The dissent is also mistaken in arguing that intraracial diversity would “turn affirmative action on its head” because it amount to declaring an interest in admitting privileged minorities. Of course, intraracial diversity is about far more than just socioeconomic status. But in any event, Justice Alito’s argument misunderstands both the history and purpose of affirmative action. “When affirmative action programs were first adopted,” Justice Alito declares, “it was for the purpose of helping the disadvantaged.” For this proposition, he cites Justice Powell’s landmark opinion in Regents of the University of California v. Bakke, 438 U.S. 265 (1978), the first decision authorizing affirmative action. Justice Powell would be surprised to see his opinion cited that way, for he wrote:

The Admissions Committee, with only a few places left to fill, might find itself forced to choose between A, the child of a successful black physician in an academic community with promise of superior academic performance, and B, a black who grew up in an inner-city ghetto of semi-literate parents whose academic achievement was lower but who had demonstrated energy and leadership as well as an apparently abiding interest in black power. If a good number of black students much like A but few like B had already been admitted, the Committee might prefer B; and vice versa.

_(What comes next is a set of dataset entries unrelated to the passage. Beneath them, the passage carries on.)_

(* The reachability problem for probabilistic open channel systems is undecidable: there is no algorithm that, given a pOCS $\mathcal S$ and two configurations $(q_0,\nu_0)$ and $(q_f,\nu_f)$, decides whether $(q_f,\nu_f)$ is reachable from $(q_0,\nu_0)$.
   Context: For an alphabet $\Sigma$, $\lambda$ is the empty word and $\Sigma_\lambda=\Sigma\cup\{\lambda\}$. A probabilistic open channel system (pOCS) $\mathcal S=(Q,Ch,\Sigma,\Delta,W)$ has a finite set $Q$ of states, a finite set $Ch$ of channels containing a distinguished input channel $c_{in}$, a finite alphabet $\Sigma$ containing a letter $\$$, a transition relation $\Delta\subseteq Q\times Ch\times\Sigma_\lambda\times Ch\times\Sigma_\lambda\times Q$ such that (1) for all $q\in Q$, $(q,c_{in},\lambda,c_{in},\$,q)\in\Delta$; (2) for all $(q,c,a,c',a',q')\in\Delta$, $a=\lambda$ implies $a'=\$$ and $c=c'=c_{in}$; (3) for all $(q,c,a,c',a',q')\in\Delta$, $c\neq c_{in}$ implies $c'\neq c_{in}$; and a weight function $W:\Delta\times(\Sigma^* )^{Ch}\to\mathbb{Q}_{>0}$. A configuration is $(q,\nu)$ with $q\in Q$, $\nu:Ch\to\Sigma^*$. A transition $t=(q,c,a,c',a',q')$ is enabled in $(q,\nu)$ if $\nu(c)=aw$ for some $w$; its firing leads to $(q',\nu')$ where, if $c=c'$, $\nu'(c)=wa'$ and $\nu'$ agrees with $\nu$ elsewhere; if $c\neq c'$, $\nu'(c)=w$, $\nu'(c')=\nu(c')a'$ and $\nu'$ agrees with $\nu$ elsewhere. Reachability is via finite sequences of firings (weights are irrelevant for reachability). *)

theory Defs
  imports Complex_Main "HOL-Library.Nat_Bijection"
begin

datatype recf =
    Z
  | S
  | Id nat nat
  | Cn nat recf "recf list"
  | Pr nat recf recf
  | Mn nat recf

inductive eval :: "recf \<Rightarrow> nat list \<Rightarrow> nat \<Rightarrow> bool" where
  eval_Z:  "eval Z xs 0"
| eval_S:  "eval S [x] (Suc x)"
| eval_Id: "i < n \<Longrightarrow> length xs = n \<Longrightarrow> eval (Id n i) xs (xs ! i)"
| eval_Cn: "length xs = n \<Longrightarrow> length gs = length ys \<Longrightarrow>
            (\<forall>i < length gs. eval (gs ! i) xs (ys ! i)) \<Longrightarrow> eval f ys y \<Longrightarrow>
            eval (Cn n f gs) xs y"
| eval_Pr0: "length xs = n \<Longrightarrow> eval g xs y \<Longrightarrow> eval (Pr n g h) (0 # xs) y"
| eval_PrS: "eval (Pr n g h) (k # xs) r \<Longrightarrow> eval h (k # r # xs) y \<Longrightarrow>
             eval (Pr n g h) (Suc k # xs) y"
| eval_Mn: "length xs = n \<Longrightarrow> eval f (z # xs) 0 \<Longrightarrow>
            (\<forall>y < z. \<exists>v. 0 < v \<and> eval f (y # xs) v) \<Longrightarrow> eval (Mn n f) xs z"
lemma pentagonal_sum_square:
  fixes k :: nat
  shows "24 * int (\<Sum>{k..<2 * k}) + 1 = (6 * int k - 1)\<^sup>2"
    and "24 * int (\<Sum>{k + 1..<2 * k + 1}) + 1 = (6 * int k + 1)\<^sup>2"
proof -
  define S where "S = \<Sum>{k..<2 * k}"
  have "2 * S + k = k * (3 * k)"
    using double_sum_atLeastLessThan[of k k] unfolding S_def by (simp add: mult_2)
  then have "int (2 * S + k) = int (k * (3 * k))" by (rule arg_cong)
  then have "2 * int S + int k = 3 * (int k * int k)" by simp
  moreover have "(6 * int k - 1)\<^sup>2 = 36 * (int k * int k) - 12 * int k + 1"
    by (simp add: power2_eq_square algebra_simps)
  ultimately show "24 * int S + 1 = (6 * int k - 1)\<^sup>2" by linarith
next
  define S where "S = \<Sum>{k + 1..<2 * k + 1}"
  have "k + 1 + k = 2 * k + 1" by simp
  then have "2 * S + k = k * (2 * (k + 1) + k)"
    using double_sum_atLeastLessThan[of "k + 1" k] unfolding S_def by (simp only:)
  then have "int (2 * S + k) = int (k * (2 * (k + 1) + k))" by (rule arg_cong)
  then have "2 * int S + int k = 3 * (int k * int k) + 2 * int k" by (simp add: algebra_simps)
  moreover have "(6 * int k + 1)\<^sup>2 = 36 * (int k * int k) + 12 * int k + 1"
    by (simp add: power2_eq_square algebra_simps)
  ultimately show "24 * int S + 1 = (6 * int k + 1)\<^sup>2" by linarith
qed

lemma franklin_fixed_point_square:
  assumes "finite D" "0 \<notin> D" "franklin D = D"
  obtains y :: int where "24 * int (\<Sum>D) + 1 = y\<^sup>2"
  using franklin_fixed_point_interval[OF assms] pentagonal_sum_square by metis

section \<open>Multiplicities of the form \<open>j(pr+a) + pk\<close>\<close>

lemma allowed_mult_cases:
  assumes "\<not> p dvd p * r + a" "x \<in> allowed_mult p r a m"
  obtains (multiple) k where "k < m" "p dvd x" "x = p * k"
  | (shifted) k where "k < m" "\<not> p dvd x" "x = p * r + a + p * k"
proof -
  obtain j k where j: "j \<in> {0, 1}" and "k < m" "x = j * (p * r + a) + p * k"
    using assms(2) unfolding allowed_mult_def by blast
  moreover have "p dvd (p * r + a) + p * k \<longleftrightarrow> p dvd p * r + a" by (simp add: dvd_add_left_iff)
  ultimately show ?thesis using j assms(1) that by auto
qed
(* Given a (finite) P/T net with silent moves $N=(S,A,T)$ and a place relation $R\subseteq S\times S$, it is decidable whether $R$ is a branching place bisimulation.
   Context: A P/T net with silent moves is $N=(S,A,T)$: $S$ a finite set of places, $A$ a finite set of labels containing the silent label $\tau$, $T\subseteq(\mathcal{M}(S)\setminus\{\theta\})\times A\times\mathcal{M}(S)$ a finite set of transitions ($\mathcal{M}(S)$ the finite multisets over $S$, $\theta$ empty, $\oplus$ union, $\ominus$ truncated difference). For $t=(m,\ell,m')$: ${}^\bullet t=m$, $l(t)=\ell$, $t^\bullet=m'$. $m[t\rangle m'$ iff ${}^\bullet t\subseteq m$ and $m'=(m\ominus{}^\bullet t)\oplus t^\bullet$; firing sequences by concatenation. Idling transitions: $i(s)=(s,\tau,s)$ for $s\in S$ (not in $T$, usable in silent sequences, firing by the same rule). A transition is $\tau$-sequential if $l(t)=\tau$ and $|{}^\bullet t|=|t^\bullet|=1$. Pre/post-sets of sequences: ${}^\bullet\epsilon=\theta$, ${}^\bullet(t\sigma)={}^\bullet t\oplus({}^\bullet\sigma\ominus t^\bullet)$, $\epsilon^\bullet=\theta$, $(t\sigma)^\bullet=\sigma^\bullet\oplus(t^\bullet\ominus{}^\bullet\sigma)$. A sequence $\sigma=t_1\dots t_n$ ($n\ge1$, $t_i$ in $T$ or idling) is $\tau$-1-sequential if each $t_i$ has label $\tau$ and singleton pre- and post-set and $t_i^\bullet={}^\bullet t_{i+1}$; $\sigma=\sigma_1\cdots\sigma_k$ is $\tau$-$k$-sequential if each $\sigma_i$ is $\tau$-1-sequential, ${}^\bullet\sigma=\bigoplus_i{}^\bullet\sigma_i$, $\sigma^\bullet=\bigoplus_i\sigma_i^\bullet$; $\sigma$ is $\tau$-sequential if $\tau$-$k$-sequential for some $k\ge1$. For $\tau$-sequential $\sigma=t_1\dots t_n$ with ${}^\bullet\sigma=m_0[t_1\rangle m_1\cdots[t_n\rangle m_n=\sigma^\bullet$ and a marking relation $Q$: $\Psi(m,\sigma,Q)$ iff $(m,m_i)\in Q$ for $i=0,\dots,n-1$; $\Phi(\sigma,m,Q)$ iff $(m_i,m)\in Q$ for $i=0,\dots,n-1$. Additive closure of $R\subseteq S\times S$: the least $R^\oplus$ with $(\theta,\theta)\in R^\oplus$ and, if $(s_1,s_2)\in R$, $(m_1,m_2)\in R^\oplus$, then $(s_1\oplus m_1,s_2\oplus m_2)\in R^\oplus$. A branching place bisimulation is $R\subseteq S\times S$ such that whenever $(m_1,m_2)\in R^\oplus$: (1) for every $t_1$ with $m_1[t_1\rangle m_1'$: (i) either $t_1$ is $\tau$-sequential and there are $\sigma,m_2'$ with $\sigma$ $\tau$-sequential, $m_2[\sigma\rangle m_2'$, $\Psi({}^\bullet t_1,\sigma,R^\oplus)$, $({}^\bullet t_1,\sigma^\bullet)\in R^\oplus$, $(t_1^\bullet,\sigma^\bullet)\in R^\oplus$, $(m_1\ominus{}^\bullet t_1,m_2\ominus{}^\bullet\sigma)\in R^\oplus$; (ii) or there are $\sigma,t_2,m,m_2'$ with $\sigma$ $\tau$-sequential, $m_2[\sigma\rangle m[t_2\rangle m_2'$, $\sigma^\bullet={}^\bullet t_2$, $l(t_1)=l(t_2)$, $\Psi({}^\bullet t_1,\sigma,R^\oplus)$, $({}^\bullet t_1,\sigma^\bullet)\in R^\oplus$, $(t_1^\bullet,t_2^\bullet)\in R^\oplus$, $(m_1\ominus{}^\bullet t_1,m_2\ominus{}^\bullet\sigma)\in R^\oplus$; (2) symmetrically for every $t_2$ with $m_2[t_2\rangle m_2'$: (i) either $t_2$ is $\tau$-sequential and there are $\sigma,m_1'$ with $\sigma$ $\tau$-sequential, $m_1[\sigma\rangle m_1'$, $\Phi(\sigma,{}^\bullet t_2,R^\oplus)$, $(\sigma^\bullet,{}^\bullet t_2)\in R^\oplus$, $(\sigma^\bullet,t_2^\bullet)\in R^\oplus$, $(m_1\ominus{}^\bullet\sigma,m_2\ominus{}^\bullet t_2)\in R^\oplus$; (ii) or there are $\sigma,t_1,m,m_1'$ with $\sigma$ $\tau$-sequential, $m_1[\sigma\rangle m[t_1\rangle m_1'$, $\sigma^\bullet={}^\bullet t_1$, $l(t_1)=l(t_2)$, $\Phi(\sigma,{}^\bullet t_2,R^\oplus)$, $(\sigma^\bullet,{}^\bullet t_2)\in R^\oplus$, $(t_1^\bullet,t_2^\bullet)\in R^\oplus$, $(m_1\ominus{}^\bullet\sigma,m_2\ominus{}^\bullet t_2)\in R^\oplus$. *)

theory Defs
  imports Main "HOL-Library.Multiset" "HOL-Library.Nat_Bijection"
begin

type_synonym ('p,'l) trans = "'p multiset \<times> 'l \<times> 'p multiset"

If C, a white student with extraordinary artistic talent, were also seeking one of the remaining places, his unique quality might give him an edge over both A and B. Thus, the critical criteria are often individual qualities or experience not dependent upon race but sometimes associated with it.

Bakke, 438 U.S. at 324 (Powell, J.). This excerpt, included in our submission to the Court, makes plain that far from turning affirmative action on its head, the idea of admitting minority students from a variety of backgrounds, including more privileged ones, has been central from the very start.

Furthermore, Justice Alito fails to grasp the point of admitting, for example, black and Latino students of higher socioeconomic status. As we argued in our brief, the presence of these students on campus is a counterpoint to pervasive stereotypes that such individuals are generally poor; the research we cited suggests that counterexamples of this sort help to break down such stereotypes, while the presence of wealthier black and Latino admittees can serve to connect whites with racial minority students who will have their socioeconomic backgrounds in common. Doing so will, in fact, “help[] the disadvantaged,” a point that Justice Alito misses entirely.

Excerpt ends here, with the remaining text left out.